In the material below, find every line with "finitely" and pull it out.

☆ ☆ ☆

(* With $\overline F_1$, $p$, $\beta$ as in the context, let $h:\overline F_1\to\overline F_1$ be the left $\mathrm{As}$-module map of degree $-1$ defined on free generators by $(\mathsf f_{i_1}\otimes\dots\otimes\mathsf f_{i_{k-1}}\otimes\mathsf f_{1})m^{(k)}.h=(\mathsf f_{i_1}\otimes\dots\otimes\mathsf f_{i_{k-2}}\otimes\mathsf f_{i_{k-1}+1})m^{(k-1)}$ if $k>1$, and $h=0$ on all other generators (those with $k=1$ or with last index $i_k\neq1$). Let $N=1-p\beta+h\partial+\partial h$ (diagrammatic composition). Then $N$ is a left $\mathrm{As}$-module map with $\mathsf f_n.N=0$ for all $n\ge1$, and for $k>1$: (i) $(\mathsf f_{i_1}\otimes\dots\otimes\mathsf f_{i_k})m^{(k)}.N=0$ if $i_k>2$; (ii) $(\mathsf f_{i_1}\otimes\dots\otimes\mathsf f_{i_{k-1}}\otimes\mathsf f_2)m^{(k)}.N=(1^{\otimes(i_1+\dots+i_{k-1})}\otimes m)(\mathsf f_{i_1}\otimes\dots\otimes\mathsf f_{i_{k-2}}\otimes\mathsf f_{i_{k-1}+1})m^{(k-1)}$; (iii) $(\mathsf f_{i_1}\otimes\dots\otimes\mathsf f_{i_{k-1}}\otimes\mathsf f_1)m^{(k)}.N=(1^{\otimes(i_1+\dots+i_{k-1}-1)}\otimes m)(\mathsf f_{i_1}\otimes\dots\otimes\mathsf f_{i_{k-1}})m^{(k-1)}$ if $i_{k-1}>1$; (iv) $(\mathsf f_{i_1}\otimes\dots\otimes\mathsf f_{i_{k-2}}\otimes\mathsf f_1\otimes\mathsf f_1)m^{(k)}.N=(1^{\otimes(i_1+\dots+i_{k-2})}\otimes m)(\mathsf f_{i_1}\otimes\dots\otimes\mathsf f_{i_{k-2}}\otimes\mathsf f_1)m^{(k-1)}$ if $(i_1,\dots,i_{k-2})\neq(1,\dots,1)$; (v) $\mathsf f_1^{\otimes k}m^{(k)}.N=(1^{\otimes(k-2)}\otimes m)\mathsf f_1^{\otimes(k-1)}m^{(k-1)}-m^{(k)}\mathsf f_1$. Consequently, if $\overline F_1^{(q)}$ denotes the left $\mathrm{As}$-submodule generated by the $(\mathsf f_{i_1}\otimes\dots\otimes\mathsf f_{i_k})m^{(k)}$ with $k\le q$ ($\overline F_1^{(0)}=0$), then $\overline F_1^{(q)}.N\subset\overline F_1^{(q-1)}$.
   Context: $\Bbbk$ a commutative ring; Koszul signs; maps are applied on the right ($x.f$) and composed in diagrammatic order. $\mathrm{As}$ is the dg-operad with $\mathrm{As}(0)=0$, $\mathrm{As}(n)=\Bbbk m^{(n)}$ ($n\ge1$, degree 0), $m^{(1)}=1$ the unit, $m=m^{(2)}$, $(m^{(n_1)}\otimes\dots\otimes m^{(n_k)})m^{(k)}=m^{(n_1+\dots+n_k)}$. Left action of operad elements on a bimodule element $x$ of arity $k$ is written $(a_1\otimes\dots\otimes a_k)x$, right action $(x_1\otimes\dots\otimes x_k)b$. $\overline F_1=\mathrm{As}\odot\Bbbk\{\mathsf f_n\mid n\ge1\}\odot\mathrm{As}$ is the free $\mathrm{As}$-bimodule on $\mathsf f_n$ (arity $n$, degree $1-n$) with differential $\mathsf f_k\partial=\sum_{r+2+t=k}(-1)^t(1^{\otimes r}\otimes m\otimes1^{\otimes t})\mathsf f_{k-1}+\sum_{i+j=k,\ i,j\ge1}(-1)^j(\mathsf f_i\otimes\mathsf f_j)m$; as a left $\mathrm{As}$-module it is free on the elements $(\mathsf f_{i_1}\otimes\dots\otimes\mathsf f_{i_k})m^{(k)}$, $k\ge1$. $p:\overline F_1\to\mathrm{As}$ is the bimodule map with $\mathsf f_1\mapsto m^{(1)}$, $\mathsf f_n\mapsto0$ ($n\ge2$), so $(\mathsf f_{i_1}\otimes\dots\otimes\mathsf f_{i_k})m^{(k)}.p=m^{(k)}$ if all $i_s=1$ and $0$ otherwise; $\beta:\mathrm{As}\to\overline F_1$ is the left $\mathrm{As}$-module map $m^{(1)}\mapsto\mathsf f_1$. *)

theory Defs
  imports Main "HOL-Library.Poly_Mapping"
begin

text \<open>
Concrete model of the free As-bimodule F1 = As (.) k{f_n} (.) As.
As a left As-module it is free on the generators (f_i1 (x) ... (x) f_ik) m^(k);
since As(n) = k m^(n), a k-basis of F1 consists of the elements
  (m^(n_1) (x) ... (x) m^(n_I)) (f_i1 (x) ... (x) f_ik) m^(k),
I = i_1 + ... + i_k, encoded as the pair (ns, is) with ns = [n_1,...,n_I],
is = [i_1,...,i_k].  Elements of F1 are finitely supported k-valued functions
on such pairs; elements of As are finitely supported functions on arities
(As(n) = k m^(n)).
\<close>

type_synonym fbasis = "nat list \<times> nat list"
type_synonym 'k F1 = "fbasis \<Rightarrow>\<^sub>0 'k"
type_synonym 'k As = "nat \<Rightarrow>\<^sub>0 'k"

definition valid_basis :: "fbasis \<Rightarrow> bool" where
  "valid_basis b = (snd b \<noteq> [] \<and> (\<forall>i\<in>set (snd b). 1 \<le> i) \<and> (\<forall>n\<in>set (fst b). 1 \<le> n)
     \<and> length (fst b) = sum_list (snd b))"

definition in_F1 :: "('k::zero) F1 \<Rightarrow> bool" where
  "in_F1 x = (Poly_Mapping.keys x \<subseteq> {b. valid_basis b})"

definition arity :: "fbasis \<Rightarrow> nat" where
  "arity b = sum_list (fst b)"

definition smult :: "'k::comm_ring_1 \<Rightarrow> ('b \<Rightarrow>\<^sub>0 'k) \<Rightarrow> ('b \<Rightarrow>\<^sub>0 'k)" where
  "smult c x = Poly_Mapping.map ((*) c) x"

definition lin_ext :: "('b \<Rightarrow> ('c \<Rightarrow>\<^sub>0 'k::comm_ring_1)) \<Rightarrow> ('b \<Rightarrow>\<^sub>0 'k) \<Rightarrow> ('c \<Rightarrow>\<^sub>0 'k)" where
  "lin_ext T x = (\<Sum>b\<in>Poly_Mapping.keys x. smult (Poly_Mapping.lookup x b) (T b))"

definition bv :: "'b \<Rightarrow> ('b \<Rightarrow>\<^sub>0 'k::comm_ring_1)" where
  "bv b = Poly_Mapping.single b 1"

definition gen :: "nat list \<Rightarrow> 'k::comm_ring_1 F1" where
  "gen is = bv (replicate (sum_list is) 1, is)"

text \<open>Left action of (m^(l_1) (x) ... (x) m^(l_n)) on the arity-n part:
 (m^(l)...)(m^(n_1) (x)...(x) m^(n_I)) g = (m^(sum of l over block 1) (x) ...) g\<close>
fun block_sums :: "nat list \<Rightarrow> nat list \<Rightarrow> nat list" where
  "block_sums ls [] = []"
| "block_sums ls (n # ns) = sum_list (take n ls) # block_sums (drop n ls) ns"

definition lact :: "nat list \<Rightarrow> 'k::comm_ring_1 F1 \<Rightarrow> 'k F1" where
  "lact ls x = lin_ext (\<lambda>b. if arity b = length ls then bv (block_sums ls (fst b), snd b) else 0) x"

text \<open>merging positions p and p+1 of the left operad labels (effect of (1..m..1) acting)\<close>
definition merge_at :: "nat \<Rightarrow> nat list \<Rightarrow> nat list" where
  "merge_at p ns = take p ns @ [ns ! p + ns ! Suc p] @ drop (Suc (Suc p)) ns"

text \<open>As has zero differential and degree-0
 elements, so the left action commutes with d; on the right-action part d acts
 as a derivation with Koszul sign (maps applied on the right):
 (x_1 (x) ... (x) x_k).(1^{j} (x) d (x) 1^{k-j-1}) = (-1)^{|x_{j+1}|+...+|x_k|}(...x_j d...),
 and |f_i| = 1 - i, whose parity is that of i - 1.  The term (1^r (x) m (x) 1^t) f_{i-1}
 of f_i d (sign (-1)^t) merges two left labels; the term (f_a (x) f_b) m
 (sign (-1)^b) splits the index i into a, b.\<close>
definition dbasis :: "fbasis \<Rightarrow> 'k::comm_ring_1 F1" where
  "dbasis b = (let ns = fst b; is = snd b in
     (\<Sum>j<length is. smult ((- 1) ^ sum_list (map (\<lambda>i. i - 1) (drop (Suc j) is)))
        ((\<Sum>r<is ! j - 1. smult ((- 1) ^ (is ! j - 2 - r))
              (bv (merge_at (sum_list (take j is) + r) ns, is[j := is ! j - 1])))
       + (\<Sum>a\<in>{1..<is ! j}. smult ((- 1) ^ (is ! j - a))
              (bv (ns, take j is @ [a, is ! j - a] @ drop (Suc j) is))))))"

definition dF :: "'k::comm_ring_1 F1 \<Rightarrow> 'k F1" where
  "dF x = lin_ext dbasis x"

text \<open>p : F1 -> As, bimodule map with f_1 |-> m^(1), f_n |-> 0 (n >= 2)\<close>
definition pbasis :: "fbasis \<Rightarrow> 'k::comm_ring_1 As" where
  "pbasis b = (if (\<forall>i\<in>set (snd b). i = 1) then bv (sum_list (fst b)) else 0)"

definition pF :: "'k::comm_ring_1 F1 \<Rightarrow> 'k As" where
  "pF x = lin_ext pbasis x"

text \<open>beta : As -> F1, left module map with m^(1) |-> f_1, hence m^(n) |-> (m^(n)) f_1\<close>
definition betaF :: "'k::comm_ring_1 As \<Rightarrow> 'k F1" where
  "betaF a = lin_ext (\<lambda>n. bv ([n], [1])) a"

definition hbasis :: "fbasis \<Rightarrow> 'k::comm_ring_1 F1" where
  "hbasis b = (if 1 < length (snd b) \<and> last (snd b) = 1
      then bv (fst b, butlast (butlast (snd b)) @ [last (butlast (snd b)) + 1]) else 0)"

☆ ☆ ☆

- _EXERCISE RESULT_
is = [i_1,...,i_k].  Elements of F1 are finitely supported k-valued functions
on such pairs; elements of As are finitely supported functions on arities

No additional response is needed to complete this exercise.